Regarding that other weird Z-Man example, PROMT translates the second sentence for message #8 this way: "If you own where this Meeple stands, the majority, you evaluate the area, according to the evaluation in the playing and only you yourself get points." Here I can imagine (again assuming that they started with a translation along these lines) that they didn't know what to do with the orphaned phrase "the majority" so they mostly ignored it, and thus they interpreted "own where this Meeple stands" to mean simply "occupy the feature" — instead of understanding that they should have re-ordered the phrases as "if you own the majority where this Meeple stands...."

It's a shame they don't feel the need to seek out competent human translation to resolve things that appear questionable, or at least run their results back by HiG for confirmation. After seeing these examples, I've lost faith in the English rules; who knows how many other places there are where they just "took a wild guess" at the meaning and called it a day.

Or, maybe they have hired a human translator but the person is misrepresenting his or her skills and secretly uses machine translation! Who knows....
Title: Re: CC II - Carcassonne New Edition - Differences in Rules
Post by: kettlefish on May 17, 2018, 04:46:28 AM
To make a good translation of rules, you need to know the game Carcassonne and its expansions. Than it is really good if the person who do the translation can read and speak both languages.
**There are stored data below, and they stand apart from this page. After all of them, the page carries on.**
(* Let $x_0\in\mathbb{R}$. If $\liminf_{n\to\infty}\big(p_n(x_0)^2+p_{n+1}(x_0)^2\big)^{1/n}>1$, then $\displaystyle \frac{p_n(x_0)^2}{K_n(x_0,x_0)}$ does not tend to $0$ as $n\to\infty$.
   Context: Let $\rho$ be a probability measure on $\mathbb{R}$ with compact but infinite support, $p_n$ ($n\ge0$) its orthonormal polynomials (real coefficients, positive leading coefficient, $p_0=1$), and $K_n(x,y)=\sum_{j=0}^n p_j(x)p_j(y)$. *)

theory Defs
  imports "HOL-Probability.Probability" "HOL-Computational_Algebra.Polynomial"
begin

definition measure_support :: "real measure \<Rightarrow> real set" where
  "measure_support M = {x. \<forall>e>0. emeasure M (ball x e) > 0}"

definition orthonormal_polys :: "real measure \<Rightarrow> (nat \<Rightarrow> real poly) \<Rightarrow> bool" where
  "orthonormal_polys M p \<longleftrightarrow>
     (\<forall>n. degree (p n) = n \<and> lead_coeff (p n) > 0) \<and>
     (\<forall>i j. (\<integral>x. poly (p i) x * poly (p j) x \<partial>M) = (if i = j then 1 else 0))"

definition christoffel_darboux_kernel :: "(nat \<Rightarrow> real poly) \<Rightarrow> nat \<Rightarrow> real \<Rightarrow> real \<Rightarrow> real" where
  "christoffel_darboux_kernel p n x y = (\<Sum>j\<le>n. poly (p j) x * poly (p j) y)"

end

theory Submission
  imports Defs
begin

(* Write a n = p_n(x0)^2 >= 0, so that K_n(x0,x0) is the partial sum
   S n = a 0 + ... + a n.  If a n / S n -> 0, then eventually a (n+1) <= d * S (n+1)
   for any fixed d in (0,1), i.e. S (n+1) <= r * S n with r = 1/(1-d) > 1 arbitrary:
   the partial sums grow subexponentially.  On the other hand the liminf hypothesis
   yields some c > 1 with a n + a (n+1) > c^n eventually, and a n + a (n+1) <= S (n+1).
   Choosing 1 < r < c gives c^n <= B * r^n eventually, which is absurd. *)

lemma eventually_geometric_bound:
  fixes f :: "nat \<Rightarrow> real" and r :: real
  assumes r: "r > 0"
    and ratio: "eventually (\<lambda>n. f (Suc n) \<le> r * f n) sequentially"
  shows "\<exists>B. eventually (\<lambda>n. f n \<le> B * r ^ n) sequentially"
proof -
  from ratio obtain N where N: "\<And>n. n \<ge> N \<Longrightarrow> f (Suc n) \<le> r * f n"
    by (auto simp: eventually_sequentially)
  have growth: "f (N + k) \<le> f N * r ^ k" for k
  proof (induction k)
    case 0
    show ?case by simp
  next
    case (Suc k)
    have "f (N + Suc k) \<le> r * f (N + k)" using N[of "N + k"] by simp
    also have "\<dots> \<le> r * (f N * r ^ k)" using Suc r by simp
    finally show ?case by (simp add: algebra_simps)
  qed
  have "f n \<le> (f N / r ^ N) * r ^ n" if "n \<ge> N" for n
  proof -
    have "f n \<le> f N * r ^ (n - N)" using growth[of "n - N"] that by simp
    also have "r ^ (n - N) = r ^ n / r ^ N" using that r by (simp add: power_diff)
    finally show ?thesis by simp
  qed
  then have "eventually (\<lambda>n. f n \<le> (f N / r ^ N) * r ^ n) sequentially"
    unfolding eventually_sequentially by blast
  then show ?thesis by blast
qed

lemma partial_sums_subexponential:
  fixes a :: "nat \<Rightarrow> real" and r :: real
  assumes nonneg: "\<And>n. a n \<ge> 0"
    and negligible: "(\<lambda>n. a n / (\<Sum>j\<le>n. a j)) \<longlonglongrightarrow> 0"
    and r: "r > 1"
  shows "\<exists>B. eventually (\<lambda>n. (\<Sum>j\<le>n. a j) \<le> B * r ^ n) sequentially"
proof -
  define S where "S n = (\<Sum>j\<le>n. a j)" for n
  define d where "d = 1 - 1 / r"
  have d: "0 < d" using r by (simp add: d_def)
  have term_le_sum: "a n \<le> S n" for n
    unfolding S_def using nonneg by (intro member_le_sum) auto
  have small: "eventually (\<lambda>n. \<bar>a n / S n\<bar> < d) sequentially"
    using negligible d unfolding S_def LIMSEQ_iff by (simp add: eventually_sequentially)
  have "eventually (\<lambda>n. a n \<le> d * S n) sequentially"
    using small
  proof eventually_elim
    case (elim n)
    show ?case
    proof (cases "S n = 0")
      case True
      then show ?thesis using term_le_sum[of n] nonneg[of n] by simp
    next
      case False
      then have "S n > 0" using term_le_sum[of n] nonneg[of n] by linarith
      then show ?thesis using elim nonneg[of n] by (simp add: field_simps)
    qed
  qed
  then have "eventually (\<lambda>n. a (Suc n) \<le> d * S (Suc n)) sequentially"
    by (rule eventually_sequentially_Suc[THEN iffD2])
  then have "eventually (\<lambda>n. S (Suc n) \<le> r * S n) sequentially"
  proof eventually_elim
    case (elim n)
    have "S (Suc n) = S n + a (Suc n)" by (simp add: S_def)
    with elim have "S (Suc n) / r \<le> S n"
      by (simp add: d_def algebra_simps add_divide_distrib)
    then show ?case using r by (simp add: field_simps)
  qed
  then show ?thesis
    using eventually_geometric_bound[of r S] r unfolding S_def by simp
qed

lemma exponential_lower_bound_from_liminf_root:
  fixes x :: "nat \<Rightarrow> real"
  assumes nonneg: "\<And>n. x n \<ge> 0"
    and liminf: "liminf (\<lambda>n. ereal (x n powr (1 / real n))) > 1"
  shows "\<exists>c>1. eventually (\<lambda>n. c ^ n < x n) sequentially"
proof -
  obtain c where c1: "1 < ereal c" and c_lt: "ereal c < liminf (\<lambda>n. ereal (x n powr (1 / real n)))"
    using liminf ereal_dense2 by blast
  have c: "c > 1" using c1 by simp
  have "eventually (\<lambda>n. c < x n powr (1 / real n)) sequentially"
    using less_LiminfD[OF c_lt] by simp
  then have "eventually (\<lambda>n. c ^ n < x n) sequentially"
    using eventually_gt_at_top[of 0]
  proof eventually_elim
    case (elim n)
    have "x n \<noteq> 0" using elim c by auto
    then have pos: "x n > 0" using nonneg[of n] by simp
    have "c ^ n < (x n powr (1 / real n)) ^ n"
      using elim c by (intro power_strict_mono) auto
    also have "\<dots> = x n"
      using pos elim(2) by (simp add: powr_realpow[symmetric] powr_powr)
    finally show ?case .
  qed
  then show ?thesis using c by blast
qed

lemma exponential_growth_incompatible:
  fixes f :: "nat \<Rightarrow> real" and B c r :: real
  assumes r: "0 < r" "r < c"
    and lower: "eventually (\<lambda>n. c ^ n < f n) sequentially"
    and upper: "eventually (\<lambda>n. f n \<le> B * r ^ n) sequentially"
  shows False
proof -
  have cr: "1 < c / r" using r by simp
  obtain m where m: "B < (c / r) ^ m" using real_arch_pow[OF cr] by blast
  have "eventually (\<lambda>n. n \<ge> m) sequentially" by (simp add: eventually_ge_at_top)
  with lower upper have "eventually (\<lambda>_. False) sequentially"
  proof eventually_elim
    case (elim n)
    have "(c / r) ^ m \<le> (c / r) ^ n" using cr elim(3) by (intro power_increasing) auto
    with m have "B < (c / r) ^ n" by linarith
    then have "B * r ^ n < (c / r) ^ n * r ^ n" using r by simp
    also have "\<dots> = c ^ n" using r by (simp add: power_divide)
    finally show False using elim(1,2) by simp
  qed
  then show False by simp
qed

theorem theorem3p2:
  fixes M :: "real measure" and p :: "nat \<Rightarrow> real poly" and x0 :: real
  assumes "prob_space M"
    and "sets M = sets borel"
    and "compact (measure_support M)"
    and "infinite (measure_support M)"
    and "orthonormal_polys M p"
    and "liminf (\<lambda>n. ereal (((poly (p n) x0)\<^sup>2 + (poly (p (Suc n)) x0)\<^sup>2) powr (1 / real n))) > 1"
  shows "\<not> ((\<lambda>n. (poly (p n) x0)\<^sup>2 / christoffel_darboux_kernel p n x0 x0) \<longlonglongrightarrow> 0)"
proof
  define a where "a n = (poly (p n) x0)\<^sup>2" for n
  assume "(\<lambda>n. (poly (p n) x0)\<^sup>2 / christoffel_darboux_kernel p n x0 x0) \<longlonglongrightarrow> 0"
  then have negligible: "(\<lambda>n. a n / (\<Sum>j\<le>n. a j)) \<longlonglongrightarrow> 0"
    by (simp add: a_def christoffel_darboux_kernel_def power2_eq_square)
  have nonneg: "a n \<ge> 0" for n by (simp add: a_def)
  obtain c where c: "c > 1" and lower: "eventually (\<lambda>n. c ^ n < a n + a (Suc n)) sequentially"
    using exponential_lower_bound_from_liminf_root[of "\<lambda>n. a n + a (Suc n)"] assms(6) nonneg
    unfolding a_def by (auto intro: add_nonneg_nonneg)
  define r where "r = (1 + c) / 2"
  have r: "1 < r" "r < c" using c by (auto simp: r_def)
  obtain B where "eventually (\<lambda>n. (\<Sum>j\<le>n. a j) \<le> B * r ^ n) sequentially"
    using partial_sums_subexponential[OF nonneg negligible r(1)] by blast
  then have "eventually (\<lambda>n. (\<Sum>j\<le>Suc n. a j) \<le> B * r ^ Suc n) sequentially"
    by (rule eventually_sequentially_Suc[THEN iffD2])
  then have "eventually (\<lambda>n. a n + a (Suc n) \<le> (B * r) * r ^ n) sequentially"
  proof eventually_elim
    case (elim n)
    have "a n \<le> (\<Sum>j\<le>n. a j)" using nonneg by (intro member_le_sum) auto
    then show ?case using elim by (simp add: algebra_simps)
  qed
  then show False using exponential_growth_incompatible[OF _ r(2) lower] r(1) by simp
qed

end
My English is not perfect, but I can see the wrong rule text from zman games.

In the next days I will forward with the differences in rules for the BigBox6 - the minis.
--------------------------------------
I am still wondering why the English speaking people don't have the choice between the scoring meeple and the messenger.
They can only use the scoring meeple for the final score.
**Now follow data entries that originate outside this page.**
text \<open>Fix a realization \<open>\<gamma>\<close> of \<open>M\<close>, let \<open>\<rho>\<close> realize \<open>N\<close>, write \<open>l = {a, b, c}\<close> and pick
  \<open>j\<^sub>0\<close> off \<open>l\<close>; then \<open>a, b, j\<^sub>0\<close> give frames for both \<open>\<gamma>\<close> and \<open>\<rho>\<close>. Dependence of a
  configuration is unchanged by a change of frame and by rescaling the vectors individually.
  So for \<open>t \<noteq> 0\<close> the frame map \<open>\<gamma> a, \<gamma> b, \<gamma> j\<^sub>0 \<mapsto> t \<rho> a, t \<rho> b, \<rho> j\<^sub>0\<close> (up to scalars)
  turns \<open>\<gamma>\<close> into a realization of \<open>M\<close> whose points on \<open>l\<close> stay at \<open>\<rho>\<close>, while the
  points off \<open>l\<close> tend to multiples of \<open>\<rho> j\<^sub>0\<close> as \<open>t \<rightarrow> 0\<close>, i.e. to \<open>\<rho>\<close>. Polynomials are
  continuous, so those vanishing on the realizations of \<open>M\<close> vanish at \<open>\<rho>\<close>.\<close>

section \<open>Frames in \<open>\<complex>\<^sup>3\<close>\<close>

definition lin_indep3 :: "complex^3 \<Rightarrow> complex^3 \<Rightarrow> complex^3 \<Rightarrow> bool" where
  "lin_indep3 u v w \<longleftrightarrow> (\<forall>p q r. p *s u + q *s v + r *s w = 0 \<longrightarrow> p = 0 \<and> q = 0 \<and> r = 0)"

lemma lin_indep3_coords_unique:
  assumes "lin_indep3 u v w" and "p *s u + q *s v + r *s w = p' *s u + q' *s v + r' *s w"
  shows "p = p' \<and> q = q' \<and> r = r'"
proof -
  have "(p - p') *s u + (q - q') *s v + (r - r') *s w = 0"
    using assms(2) by (simp add: vector_sub_rdistrib algebra_simps)
  then have "p - p' = 0 \<and> q - q' = 0 \<and> r - r' = 0"
    using assms(1) unfolding lin_indep3_def by blast
  then show ?thesis by simp
qed

lemma lin_indep3_scale:
  assumes "lin_indep3 u v w" and "p \<noteq> 0" "q \<noteq> 0" "r \<noteq> 0"
  shows "lin_indep3 (p *s u) (q *s v) (r *s w)"
  unfolding lin_indep3_def
proof (intro allI impI)
  fix p' q' r' assume "p' *s (p *s u) + q' *s (q *s v) + r' *s (r *s w) = 0"
  then have "(p' * p) *s u + (q' * q) *s v + (r' * r) *s w = 0"
    by (simp add: vector_smult_assoc)
  then have "p' * p = 0 \<and> q' * q = 0 \<and> r' * r = 0"
    using assms(1) unfolding lin_indep3_def by blast
  then show "p' = 0 \<and> q' = 0 \<and> r' = 0"
    using assms(2-4) by simp
qed

lemma lin_indep3_nonzero:
  assumes "lin_indep3 u v w"
  shows "u \<noteq> 0" "v \<noteq> 0" "w \<noteq> 0"
  using assms[unfolded lin_indep3_def, rule_format, of 1 0 0]
    assms[unfolded lin_indep3_def, rule_format, of 0 1 0]
    assms[unfolded lin_indep3_def, rule_format, of 0 0 1] by auto

lemma lin_indep3_spans:
  assumes "lin_indep3 u v w"
  obtains p q r where "x = p *s u + q *s v + r *s w"
proof -
  have distinct: "u \<noteq> v" "u \<noteq> w" "v \<noteq> w"
    using assms[unfolded lin_indep3_def, rule_format, of 1 "-1" 0]
      assms[unfolded lin_indep3_def, rule_format, of 1 0 "-1"]
      assms[unfolded lin_indep3_def, rule_format, of 0 1 "-1"] by auto
  let ?B = "{u, v, w}"
  have "\<not> vec.dependent ?B"
  proof
    assume "vec.dependent ?B"
    then obtain c where "\<exists>y\<in>?B. c y \<noteq> 0" "(\<Sum>y\<in>?B. c y *s y) = 0"
      using vec.dependent_finite[of ?B] by auto
    moreover have "(\<Sum>y\<in>?B. c y *s y) = c u *s u + c v *s v + c w *s w"
      using distinct by (simp add: add.assoc)
    ultimately show False using assms unfolding lin_indep3_def by auto
  qed
  moreover have "card ?B = vec.dim (UNIV :: (complex^3) set)"
    using distinct by (simp add: card_cart_basis)
  ultimately have "x \<in> vec.span ?B"
    using vec.card_eq_dim[of ?B UNIV] by auto
  then obtain p where "x - p *s u \<in> vec.span {v, w}" using vec.span_breakdown_eq by blast
  then obtain q where "x - p *s u - q *s v \<in> vec.span {w}" using vec.span_breakdown_eq by blast
  then obtain r where "x - p *s u - q *s v - r *s w \<in> vec.span {}" using vec.span_breakdown_eq by blast
  then have "x = p *s u + q *s v + r *s w" by (simp add: algebra_simps)
  then show thesis by (rule that)
qed

lemma lin_indep3_coord_functions:
  assumes frame: "lin_indep3 u v w"
  obtains X Y Z :: "complex^3 \<Rightarrow> complex"
  where "\<And>x. x = X x *s u + Y x *s v + Z x *s w"
    and "\<And>p q r. X (p *s u + q *s v + r *s w) = p \<and> Y (p *s u + q *s v + r *s w) = q
            \<and> Z (p *s u + q *s v + r *s w) = r"
    and "\<And>x. lin_indep3 u v x \<Longrightarrow> Z x \<noteq> 0"
proof -
  have "\<forall>x. \<exists>p q r. x = p *s u + q *s v + r *s w"
  proof
    fix x
    obtain p q r where "x = p *s u + q *s v + r *s w" using lin_indep3_spans[OF frame] .
    then show "\<exists>p q r. x = p *s u + q *s v + r *s w" by blast
  qed
  then obtain X Y Z where coords: "\<And>x. x = X x *s u + Y x *s v + Z x *s w" by metis
  moreover have "X (p *s u + q *s v + r *s w) = p \<and> Y (p *s u + q *s v + r *s w) = q
      \<and> Z (p *s u + q *s v + r *s w) = r" for p q r
    using lin_indep3_coords_unique[OF frame coords[of "p *s u + q *s v + r *s w", symmetric]] .
  moreover have "Z x \<noteq> 0" if "lin_indep3 u v x" for x
  proof
    assume "Z x = 0"
    then have "X x *s u + Y x *s v + (-1) *s x = 0"
      using coords[of x] by (simp add: vec_eq_iff)
    then show False using that unfolding lin_indep3_def by fastforce
  qed
  ultimately show thesis by (rule that)
qed

section \<open>Linear dependence of families\<close>

lemma fam_dependent_singleton: "fam_dependent \<gamma> {i} \<longleftrightarrow> \<gamma> i = 0"
  unfolding fam_dependent_def by (auto intro: exI[of _ "\<lambda>_. 1"])

lemma fam_dependent_pair_iff_multiple:
  assumes "i \<noteq> j" and "\<gamma> j \<noteq> 0"
  shows "fam_dependent \<gamma> {i, j} \<longleftrightarrow> (\<exists>s. \<gamma> i = s *s \<gamma> j)"
proof
  assume "fam_dependent \<gamma> {i, j}"
  then obtain c where c: "c i *s \<gamma> i + c j *s \<gamma> j = 0" "c i \<noteq> 0 \<or> c j \<noteq> 0"
    using assms(1) unfolding fam_dependent_def by auto
  then have "c i \<noteq> 0" using assms(2) by auto
  with c(1) have "\<gamma> i = (- c j / c i) *s \<gamma> j"
    by (simp add: vec_eq_iff field_simps add_eq_0_iff)
  then show "\<exists>s. \<gamma> i = s *s \<gamma> j" ..
next
  assume "\<exists>s. \<gamma> i = s *s \<gamma> j"
  then obtain s where "\<gamma> i = s *s \<gamma> j" ..
  then show "fam_dependent \<gamma> {i, j}"
    using assms(1) unfolding fam_dependent_def
    by (intro exI[of _ "\<lambda>k. if k = i then 1 else - s"]) auto
qed

lemma fam_dependent_triple_iff:
  assumes "i \<noteq> j" "i \<noteq> k" "j \<noteq> k"
  shows "fam_dependent \<gamma> {i, j, k} \<longleftrightarrow> \<not> lin_indep3 (\<gamma> i) (\<gamma> j) (\<gamma> k)"
proof
  assume "fam_dependent \<gamma> {i, j, k}"
  then obtain c where "c i *s \<gamma> i + c j *s \<gamma> j + c k *s \<gamma> k = 0" "c i \<noteq> 0 \<or> c j \<noteq> 0 \<or> c k \<noteq> 0"
    using assms unfolding fam_dependent_def by (auto simp: add.assoc)
  then show "\<not> lin_indep3 (\<gamma> i) (\<gamma> j) (\<gamma> k)" unfolding lin_indep3_def by blast
next
  assume "\<not> lin_indep3 (\<gamma> i) (\<gamma> j) (\<gamma> k)"
  then obtain p q r where "p *s \<gamma> i + q *s \<gamma> j + r *s \<gamma> k = 0" "p \<noteq> 0 \<or> q \<noteq> 0 \<or> r \<noteq> 0"
    unfolding lin_indep3_def by blast
  then show "fam_dependent \<gamma> {i, j, k}"
    using assms unfolding fam_dependent_def
    by (intro exI[of _ "\<lambda>s. if s = i then p else if s = j then q else r"]) (auto simp: add.assoc)
qed

lemma sum_scale_coords:
  fixes v1 v2 v3 :: "complex^3"
  shows "(\<Sum>s\<in>S. c s *s (x s *s v1 + y s *s v2 + z s *s v3)) =
     (\<Sum>s\<in>S. c s * x s) *s v1 + (\<Sum>s\<in>S. c s * y s) *s v2 + (\<Sum>s\<in>S. c s * z s) *s v3"
  by (simp add: vec_eq_iff sum_component sum.distrib sum_distrib_right mult.assoc)

lemma fam_dependent_coords_iff:
  assumes frame: "lin_indep3 v1 v2 v3" and "finite S"
    and \<theta>: "\<And>i. i \<in> S \<Longrightarrow> \<theta> i = m i *s (x i *s v1 + y i *s v2 + z i *s v3)"
    and m: "\<And>i. i \<in> S \<Longrightarrow> m i \<noteq> 0"
  shows "fam_dependent \<theta> S \<longleftrightarrow> (\<exists>c. (\<Sum>s\<in>S. c s * x s) = 0 \<and> (\<Sum>s\<in>S. c s * y s) = 0
            \<and> (\<Sum>s\<in>S. c s * z s) = 0 \<and> (\<exists>s\<in>S. c s \<noteq> 0))"
proof
  assume "fam_dependent \<theta> S"
  then obtain c s0 where c: "(\<Sum>s\<in>S. c s *s \<theta> s) = 0" "s0 \<in> S" "c s0 \<noteq> 0"
    unfolding fam_dependent_def by blast
  have "(\<Sum>s\<in>S. c s *s \<theta> s) = (\<Sum>s\<in>S. (c s * m s) *s (x s *s v1 + y s *s v2 + z s *s v3))"
    by (rule sum.cong) (simp_all add: \<theta> mult.assoc)
  also have "\<dots> = (\<Sum>s\<in>S. c s * m s * x s) *s v1 + (\<Sum>s\<in>S. c s * m s * y s) *s v2
      + (\<Sum>s\<in>S. c s * m s * z s) *s v3"
    by (rule sum_scale_coords)
  finally have "(\<Sum>s\<in>S. c s * m s * x s) *s v1 + (\<Sum>s\<in>S. c s * m s * y s) *s v2
      + (\<Sum>s\<in>S. c s * m s * z s) *s v3 = 0"
    using c(1) by simp
  with frame have "(\<Sum>s\<in>S. c s * m s * x s) = 0 \<and> (\<Sum>s\<in>S. c s * m s * y s) = 0
      \<and> (\<Sum>s\<in>S. c s * m s * z s) = 0"
    unfolding lin_indep3_def by blast
  with c(2,3) m[OF c(2)] show "\<exists>c. (\<Sum>s\<in>S. c s * x s) = 0 \<and> (\<Sum>s\<in>S. c s * y s) = 0
            \<and> (\<Sum>s\<in>S. c s * z s) = 0 \<and> (\<exists>s\<in>S. c s \<noteq> 0)"
    by (intro exI[of _ "\<lambda>s. c s * m s"]) auto
next
  assume "\<exists>c. (\<Sum>s\<in>S. c s * x s) = 0 \<and> (\<Sum>s\<in>S. c s * y s) = 0
            \<and> (\<Sum>s\<in>S. c s * z s) = 0 \<and> (\<exists>s\<in>S. c s \<noteq> 0)"
  then obtain c s0 where c: "(\<Sum>s\<in>S. c s * x s) = 0" "(\<Sum>s\<in>S. c s * y s) = 0"
            "(\<Sum>s\<in>S. c s * z s) = 0" "s0 \<in> S" "c s0 \<noteq> 0" by blast
  have "(\<Sum>s\<in>S. (c s / m s) *s \<theta> s) = (\<Sum>s\<in>S. c s *s (x s *s v1 + y s *s v2 + z s *s v3))"
    by (rule sum.cong) (simp_all add: \<theta> m)
  also have "\<dots> = 0" using c(1-3) by (simp only: sum_scale_coords) simp
  finally show "fam_dependent \<theta> S" unfolding fam_dependent_def
    using c(4,5) m[of s0] by (intro exI[of _ "\<lambda>s. c s / m s"]) auto
qed

lemma realizations_change_of_frame:
  assumes \<gamma>: "\<gamma> \<in> realizations d I" and \<theta>: "\<theta> \<in> tuple_space d"
    and frames: "lin_indep3 u1 u2 u3" "lin_indep3 v1 v2 v3"
    and \<gamma>_coords: "\<And>i. i \<in> {1..d} \<Longrightarrow> \<gamma> i = x i *s u1 + y i *s u2 + z i *s u3"
    and \<theta>_coords: "\<And>i. i \<in> {1..d} \<Longrightarrow> \<theta> i = k i *s (x i *s v1 + y i *s v2 + z i *s v3)"
    and k: "\<And>i. i \<in> {1..d} \<Longrightarrow> k i \<noteq> 0"
  shows "\<theta> \<in> realizations d I"
proof -
  have "fam_dependent \<theta> S \<longleftrightarrow> S \<notin> I" if S: "S \<subseteq> {1..d}" for S
  proof -
    have "finite S" using S finite_subset by blast
    have "fam_dependent \<theta> S \<longleftrightarrow> (\<exists>c. (\<Sum>s\<in>S. c s * x s) = 0 \<and> (\<Sum>s\<in>S. c s * y s) = 0
            \<and> (\<Sum>s\<in>S. c s * z s) = 0 \<and> (\<exists>s\<in>S. c s \<noteq> 0))"
      by (rule fam_dependent_coords_iff[OF frames(2) \<open>finite S\<close>]) (use S \<theta>_coords k in auto)
    also have "\<dots> \<longleftrightarrow> fam_dependent \<gamma> S"
      by (rule fam_dependent_coords_iff[OF frames(1) \<open>finite S\<close>, where m = "\<lambda>_. 1", symmetric])
        (use S \<gamma>_coords in auto)
    also have "\<dots> \<longleftrightarrow> S \<notin> I" using \<gamma> S unfolding realizations_def by blast
    finally show ?thesis .
  qed
  with \<theta> show ?thesis unfolding realizations_def by blast
qed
The Germans have the choice to use the scoring meeple or the woman meeple (messenger).
Title: Re: CC II - Carcassonne New Edition - Differences in Rules
Post by: Just a Bill on May 17, 2018, 11:16:16 AM
I am still wondering why the English speaking people don't have the choice between the scoring meeple and the messenger ... for the final score.

Since it does not matter which figure is used, my guess would be that Z-Man thought it would help reinforce the rule that no messages are received during the final scoring if there were only regular meeples on the scoreboard and not any messengers. (In fact, if that had been the rule from the start, then we wouldn't even need the "exception" rule that messages cannot happen during the final scoring; the lack of messengers would make that happen automatically.) Z-Man may have also thought it was weird to have a rule giving the player a "choice" that has absolutely no effect on gameplay. Rules without a gameplay purpose can lead players to be concerned that they are misunderstanding something, and to ask questions of the publisher, so they may have wanted to avoid those potential issues by having simple, definitive procedure — especially there is no effect on the score either way. (I realize there could be cultural differences that make this less of an issue for a German-speaking audience; I am only speaking from an English/American perspective and my own experiences as a designer/rules writer/FAQ answerer.)

If it made any difference for gameplay, then I would be bothered by this slight change. But since the change actually has better logic with the rules and it eliminates confusion/questions, I don't have a problem with it.